O Índio e o Meio Ambiente

 

Procurar simbolicamente um "homo sapiens" que melhor represente, de modo ecológico, a espécie significa associação imediata ao índio. Na verdade, as etnias indígenas viveram sempre em perfeito equilíbrio com o ecossistema, o que foi quebrado a partir das influências do elemento desestabilizador: "o homem branco".


Se, por um lado, colonização, expansão de lavouras e mineração representam pontas de lança na abertura rumo ao interior, formação de núcleos populacionais e, depois, cidades; por outro há de se ver que os recursos naturais, o ambiente, pagaram alto preço dentro do sistema de exploração então adotado. Conseqüência: das matas originárias restam, conforme cálculos otimistas, apenas 5% no Paraná.
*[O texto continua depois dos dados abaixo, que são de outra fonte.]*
lemma is_path_set_Field:
  assumes "is_path F xs" "2 \<le> length xs"
  shows "set xs \<subseteq> Field F"
proof
  fix z assume "z \<in> set xs"
  then obtain i where i: "i < length xs" "xs ! i = z" by (meson in_set_conv_nth)
  show "z \<in> Field F"
  proof (cases "Suc i < length xs")
    case True
    then show ?thesis using assms(1) i unfolding is_path_def by (auto intro: FieldI1)
  next
    case False
    then have "Suc (i - 1) = i" "Suc (i - 1) < length xs" using assms(2) i(1) by auto
    then have "(xs ! (i - 1), xs ! i) \<in> F" using assms(1) unfolding is_path_def by metis
    then show ?thesis using i(2) by (metis FieldI2)
  qed
qed

lemma rtrancl_imp_elem_path:
  assumes "(x, y) \<in> F\<^sup>*"
  shows "\<exists>xs. elem_path F xs \<and> hd xs = x \<and> last xs = y"
  using assms
proof (induction rule: converse_rtrancl_induct)
  case base
  show ?case by (intro exI[of _ "[y]"]) (simp add: elem_path_def is_path_def)
next
  case (step x z)
  then obtain ys where ys: "elem_path F ys" "hd ys = z" "last ys = y" by blast
  show ?case
  proof (cases "x \<in> set ys")
    case False
    then show ?thesis using ys step.hyps(1)
      by (intro exI[of _ "x # ys"]) (auto simp: elem_path_def is_path_Cons dest: is_path_def[THEN iffD1])
  next
    case True
    then obtain as bs where ys_eq: "ys = as @ x # bs" by (meson split_list)
    moreover have "is_path F (x # bs)"
      using ys(1) ys_eq by (auto simp: elem_path_def is_path_iff_successively successively_append_iff)
    ultimately show ?thesis using ys by (intro exI[of _ "x # bs"]) (auto simp: elem_path_def)
  qed
qed

definition closed_walk :: "('n \<times> 'n) set \<Rightarrow> 'n list \<Rightarrow> bool" where
  "closed_walk F w \<longleftrightarrow> is_path F w \<and> (last w, hd w) \<in> F"

lemma closed_walk_edges:
  assumes "closed_walk F w"
  shows "set (zip w (rotate1 w)) \<subseteq> F"
proof
  fix e assume "e \<in> set (zip w (rotate1 w))"
  then obtain i where i: "i < length w" "e = (w ! i, w ! (Suc i mod length w))"
    by (auto simp: set_zip nth_rotate1)
  have edges: "w \<noteq> []" "(last w, hd w) \<in> F" "\<And>j. Suc j < length w \<Longrightarrow> (w ! j, w ! Suc j) \<in> F"
    using assms unfolding closed_walk_def is_path_def by auto
  show "e \<in> F"
  proof (cases "Suc i < length w")
    case False
    then have "Suc i = length w" using i(1) by simp
    then have "i = length w - 1" "Suc i mod length w = 0" by auto
    then show ?thesis using i(2) edges by (simp add: last_conv_nth hd_conv_nth)
  qed (use i edges in simp)
qed

lemma sum_list_map_rotate1: "sum_list (map f (rotate1 xs)) = sum_list (map f xs)"
  for f :: "'a \<Rightarrow> 'b::comm_monoid_add"
  by (cases xs) (simp_all add: add.commute)

lemma sum_list_of_bool_eq_count_list:
  "sum_list (map (\<lambda>x. of_bool (x = y)) xs) = count_list xs y"
  by (induction xs) auto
Apesar da flagrante devastação em reservas indígenas, sublinhando-se que, em muitos casos, o próprio homem branco encarregava-se dessa missão, inclusive, utilizando-se do índio como força de trabalho, fator representativo em termos atuais é a presença marcante de cobertura vegetal em várias reservas. Essa realidade desperta a cobiça de inescrupulosos no sentido de obter material lenhoso, ora escasso e, por isso mesmo, de elevado valor no mercado. As tentativas de retirada de madeira de áreas indígenas, suborno e acenos de lucro fácil, consituem sistemática praticada por madeireiros em oposição aos princípios do indigenismo oficial na região. Ainda não foram criados mecanismos capazes de impedir, coibir e encarcerar aqueles que se apoderam ou compram (por valor inferior) madeira de índios.

Ao se encontrarem ligados de modo direto às questões ambientais, os indigenistas enfrentam sérias dificuldades em manter relativo equilíbrio entre "homem/branco"/índio/ cobertura vegetal em áreas indígenas no Brasil. É ´reciso que se considere o contexto específico de cada região, a constante pressão externa sobre as reservas, a dimensão singular da problemática vivida por diversas etnias indígenas, sob a sina de absorção de hábitos, usos e costumes alienígenas impostos pela sociedade envolvente e determinados por circunstâncias de sobrevivência e, enfim, compelidos, em geral, a proceder diferentemente do desejado.

Seja como for, ao passar de quase 500 anos, apesar de toda a destruição, do cerco fixado por homens estranhos ao seu habitat primitivo, os índios, mesmo do Sul-Sudeste brasileiro, a rigor, não seguiram a trilha da devastação preconizada pelo "homem branco", tornando-se apenas uma espécie de espectador de filme pouco educativo.

Sem dúvida, preservar é preciso, como é necessário que os índios, mais uma vez, não sejam os mais sacrificados em favor de outros segmentos sociais.
Considerando-se que o "branco" negou ao índio a possibilidade, e dele tirou a capacidade de viver em equilíbrio com a natureza, forçando a atual situação em que o índio precisa produzir para seu sustento, um raciocínio lógico se pratica hoje no Estado do Paraná, como compensação financeira (por meio de royalties, ou ICMS ecológico) em troca da manutenção de recursos naturais existentes em reservas.

A realização de objetivos da sociedade não-índia situa-se em um plano diferente dos interesses indígenas, e mesmo ao desnível de direitos assegurados pela Constituição.
Há de se reconhecer os avanços obtidos na consciência do Brasil a respeito da questão indígena. Mas é preciso ainda mais: chegar ao conhecimento de realidades, sem esquecer o conjunto.